What is X linked inheritance

X-linked genes are those that are located on the X chromosome. Therefore, the X chromosome is one of two sex chromosomes found in humans. Males have an X and a Y chromosome, while females have two X chromosomes. When males are mutated, the majority of genes on the X chromosome exhibit a phenotype. That is because, while females have two X chromosomes, the chromosome that is not mutated can frequently compensate for the mutated X chromosome. Individuals may be familiar with the X-linked diseases such as haemophilia A, and Duchenne muscular dystrophy. However, certain disorders are more prevalent in females, such as Rett syndrome, which is also caused by an X chromosomal mutation.

X linked inheritance

The term “X-linked inheritance” refers to the fact that the gene responsible for the characteristic or condition is situated on the X chromosome. Males have one X and one Y chromosome; females have two X chromosomes. The X chromosome’s genes can be recessive or dominant. Their expression is not identical in females and males. The Y chromosome’s genes do not always correspond to the X chromosome’s genes. Females express X-linked recessive genes only if there are two copies of the gene (one on each X chromosome). However, males require only one copy of an X-linked recessive gene to express the characteristic or illness. For instance, a woman may inadvertently inherit a recessive gene on one of her X chromosomes and pass it on to her son, who will express the feature.

Daughters have a 50% probability of carrying the gene and passing it on to the next generation. There is a 50% possibility that a daughter will lack the gene and hence be unable to pass it on. There is a 50% chance that sons will be healthy if they do not have the gene. However, a son has a 50% chance of inheriting the gene and manifesting the characteristic or condition.

Inheritance patterns

In humans, the inheritance of X-linked recessive characteristics follows a distinct three-point pattern.

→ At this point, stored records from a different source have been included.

(* For any two relatively prime integers $m,n\ge2$, \[\operatorname{spec}(U_m)\cap\operatorname{spec}(U_n)=\{0,1,-1\},\] where $\operatorname{spec}(U_q)$ is the set of $\lambda\in\mathbb{R}$ such that $U_qf=\lambda f$ for some nonzero $f\in\mathcal{R}$.
   Context: $\mathcal{R}$ denotes the real vector space of rational functions $f(x)=A(x)/B(x)$ with $A,B\in\mathbb{R}[x]$, $B(0)\neq 0$ and $\deg A<\deg B$. For $f$ with Taylor expansion $f(x)=\sum_{n\ge0}a_nx^n$ at $0$ and a positive integer $q$, $U_qf(x)=\sum_{n\ge 0}a_{qn}x^n$. *)

theory Defs
  imports "HOL-Computational_Algebra.Computational_Algebra"
begin

text \<open>Elements of the space R are identified with their Taylor expansions at 0
  (a rational function with B(0) nonzero is determined by its Taylor series).\<close>

definition ratfun_space :: "real fps set" where
  "ratfun_space = {fps_of_poly A / fps_of_poly B | A B.
      poly B 0 \<noteq> 0 \<and> degree A < degree B}"

definition U_op :: "nat \<Rightarrow> real fps \<Rightarrow> real fps" where
  "U_op q f = Abs_fps (\<lambda>n. fps_nth f (q * n))"

definition spec_U :: "nat \<Rightarrow> real set" where
  "spec_U q = {c. \<exists>f \<in> ratfun_space. f \<noteq> 0 \<and> U_op q f = fps_const c * f}"

end

theory Submission
  imports Defs "HOL-Computational_Algebra.Field_as_Ring"
begin

(* Let F = A/B, in lowest terms over the complex numbers, satisfy U_q F = c F with c nonzero, and
   write B = B(0) * prod (1 - b X). Since U_q (G * H(X^q)) = U_q G * H, applying U_q to
   F * prod (1 - b^q X^q) shows that B divides prod (1 - b^q X); so every inverse root b of B is
   the q-th power of another one, and a finite set closed under q-th roots consists of roots of
   unity. Hence F (1 - X^N)^D is a polynomial, and on each residue class mod N the coefficients
   of F are eventually given by one polynomial Q in the index. The indices q^(J+iL) k0 stay in
   one residue class, so Q(q^L x) = c^L Q(x) at infinitely many points and c^L = q^(L deg Q).
   For coprime m and n the two identities force |c| = 1. *)

definition fps_decimate :: "nat \<Rightarrow> 'a::zero fps \<Rightarrow> 'a fps" where
  "fps_decimate q F = Abs_fps (\<lambda>n. F $ (q * n))"

lemma fps_decimate_nth [simp]: "fps_decimate q F $ n = F $ (q * n)"
  by (simp add: fps_decimate_def)

lemma U_op_eq_fps_decimate: "U_op q = fps_decimate q"
  by (simp add: U_op_def fps_decimate_def fun_eq_iff)

lemma fps_decimate_eigen_nth:
  fixes F :: "'a::comm_ring_1 fps"
  assumes "fps_decimate q F = fps_const c * F"
  shows "F $ (q ^ j * k) = c ^ j * F $ k"
proof (induction j)
  case (Suc j)
  have "F $ (q * (q ^ j * k)) = c * F $ (q ^ j * k)"
    using arg_cong[OF assms, of "\<lambda>G. G $ (q ^ j * k)"] by simp
  then show ?case using Suc by (simp add: mult.assoc)
qed simp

• The first is that affected men are unable to pass on X-linked recessive features to their sons because fathers give their sons Y chromosomes. This suggests that males with X-linked recessive disorders inherited the X chromosome from their mothers.
• Second, males exhibit more X-linked recessive characteristics than females.

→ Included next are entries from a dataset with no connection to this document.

lemma maximum_principle_halfline:
  fixes w w' w'' p :: "real \<Rightarrow> real"
  assumes derivs: "has_two_derivatives_on {0<..} w w' w''"
    and subsolution: "\<And>x. x > 0 \<Longrightarrow> x\<^sup>2 * w'' x + x * w' x - p x * w x \<ge> 0"
    and p_pos: "\<And>x. x > 0 \<Longrightarrow> p x > 0"
    and lim0: "(w \<longlongrightarrow> 0) (at_right 0)" and lim_top: "(w \<longlongrightarrow> 0) at_top" and "x > 0"
  shows "w x \<le> 0"
proof (rule ccontr)
  assume "\<not> w x \<le> 0"
  have w': "\<And>y. y > 0 \<Longrightarrow> (w has_real_derivative w' y) (at y)"
    and w'': "\<And>y. y > 0 \<Longrightarrow> (w' has_real_derivative w'' y) (at y)"
    using derivs by (simp_all add: has_two_derivatives_on_def)
  have "continuous_on {0<..} w"
    by (rule continuous_at_imp_continuous_on) (use w' DERIV_isCont in force)
  then obtain z where "z > 0" and zmax: "\<And>y. y > 0 \<Longrightarrow> w y \<le> w z"
    using attains_max_on_halfline[OF _ lim0 lim_top \<open>x > 0\<close>] \<open>\<not> w x \<le> 0\<close> by force
  have "w z > 0"
    using zmax[OF \<open>x > 0\<close>] \<open>\<not> w x \<le> 0\<close> by simp
  have near_z: "y > 0" if "\<bar>y - z\<bar> < z" for y
    using that by linarith
  have "w' z = 0"
  proof (rule DERIV_local_max[OF w'[OF \<open>z > 0\<close>] \<open>z > 0\<close>], intro allI impI)
    fix y
    assume "\<bar>z - y\<bar> < z"
    then show "w y \<le> w z"
      by (intro zmax near_z) linarith
  qed
  moreover have "w'' z \<le> 0"
  proof (rule local_max_imp_second_deriv_nonpos[OF \<open>z > 0\<close> _ w''[OF \<open>z > 0\<close>]])
    show "(w has_real_derivative w' y) (at y)" "w y \<le> w z" if "\<bar>y - z\<bar> < z" for y
      using w' zmax near_z[OF that] by simp_all
  qed
  then have "z\<^sup>2 * w'' z \<le> 0"
    by (simp add: mult_nonneg_nonpos)
  moreover have "p z * w z > 0"
    using p_pos[OF \<open>z > 0\<close>] \<open>w z > 0\<close> by simp
  ultimately have "z\<^sup>2 * w'' z + z * w' z - p z * w z < 0"
    by simp
  with subsolution[OF \<open>z > 0\<close>] show False
    by simp
qed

This is because males have only one X chromosome and hence require only one mutant X to be affected. Because women have two X chromosomes, they must inherit two mutant recessive X chromosomes (one from each parent). A well-known example of this pattern of inheritance is that of Queen Victoria’s descendants and the blood illness haemophilia. 

• The last pattern seen is that X-linked recessive characteristics tend to skip generations, which means that an affected grandfather will not have an affected son but may have an affected grandson via his daughter.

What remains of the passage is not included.